RECORDS FOR THIS EXERCISE: Begin

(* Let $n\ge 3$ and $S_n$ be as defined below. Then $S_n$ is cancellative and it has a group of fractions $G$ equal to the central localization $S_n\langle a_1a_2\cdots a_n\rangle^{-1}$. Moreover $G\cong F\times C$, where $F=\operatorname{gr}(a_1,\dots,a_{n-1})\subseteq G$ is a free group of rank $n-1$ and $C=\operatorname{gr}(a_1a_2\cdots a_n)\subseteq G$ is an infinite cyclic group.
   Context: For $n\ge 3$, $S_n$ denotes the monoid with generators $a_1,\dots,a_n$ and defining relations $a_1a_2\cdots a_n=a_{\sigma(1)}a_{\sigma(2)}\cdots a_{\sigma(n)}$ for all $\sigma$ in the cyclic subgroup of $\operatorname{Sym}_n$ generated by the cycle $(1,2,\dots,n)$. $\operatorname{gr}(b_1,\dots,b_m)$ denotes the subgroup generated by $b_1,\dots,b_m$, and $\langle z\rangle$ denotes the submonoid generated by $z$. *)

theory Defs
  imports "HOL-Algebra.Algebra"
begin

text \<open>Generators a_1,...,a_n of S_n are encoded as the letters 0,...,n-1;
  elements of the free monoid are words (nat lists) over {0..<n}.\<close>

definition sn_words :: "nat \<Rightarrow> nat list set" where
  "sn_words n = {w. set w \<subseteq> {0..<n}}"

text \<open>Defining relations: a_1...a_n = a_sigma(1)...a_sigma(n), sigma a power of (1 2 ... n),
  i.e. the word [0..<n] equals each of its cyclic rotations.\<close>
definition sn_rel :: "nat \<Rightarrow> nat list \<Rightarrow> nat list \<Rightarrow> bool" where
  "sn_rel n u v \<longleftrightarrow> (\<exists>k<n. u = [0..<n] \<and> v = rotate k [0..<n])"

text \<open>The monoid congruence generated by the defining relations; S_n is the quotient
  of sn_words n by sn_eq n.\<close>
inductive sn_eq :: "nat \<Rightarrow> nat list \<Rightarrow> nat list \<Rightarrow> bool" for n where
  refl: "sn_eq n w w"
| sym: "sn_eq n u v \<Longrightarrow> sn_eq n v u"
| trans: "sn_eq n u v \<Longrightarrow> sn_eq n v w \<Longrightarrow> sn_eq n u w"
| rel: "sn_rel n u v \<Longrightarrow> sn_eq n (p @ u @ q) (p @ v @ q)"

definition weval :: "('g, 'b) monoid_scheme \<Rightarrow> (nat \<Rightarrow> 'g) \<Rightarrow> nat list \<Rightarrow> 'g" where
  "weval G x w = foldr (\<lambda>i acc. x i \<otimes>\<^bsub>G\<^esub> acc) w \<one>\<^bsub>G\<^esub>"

RECORDS FOR THIS EXERCISE: End

WHAT YOU ARE ASKED TO DO: Only the lines from the one with "text \<open>The monoid" through the end of the material are wanted; copy them exactly, both ends included.

TASK ANSWER:
text \<open>The monoid congruence generated by the defining relations; S_n is the quotient
  of sn_words n by sn_eq n.\<close>
inductive sn_eq :: "nat \<Rightarrow> nat list \<Rightarrow> nat list \<Rightarrow> bool" for n where
  refl: "sn_eq n w w"
| sym: "sn_eq n u v \<Longrightarrow> sn_eq n v u"
| trans: "sn_eq n u v \<Longrightarrow> sn_eq n v w \<Longrightarrow> sn_eq n u w"
| rel: "sn_rel n u v \<Longrightarrow> sn_eq n (p @ u @ q) (p @ v @ q)"

definition weval :: "('g, 'b) monoid_scheme \<Rightarrow> (nat \<Rightarrow> 'g) \<Rightarrow> nat list \<Rightarrow> 'g" where
  "weval G x w = foldr (\<lambda>i acc. x i \<otimes>\<^bsub>G\<^esub> acc) w \<one>\<^bsub>G\<^esub>"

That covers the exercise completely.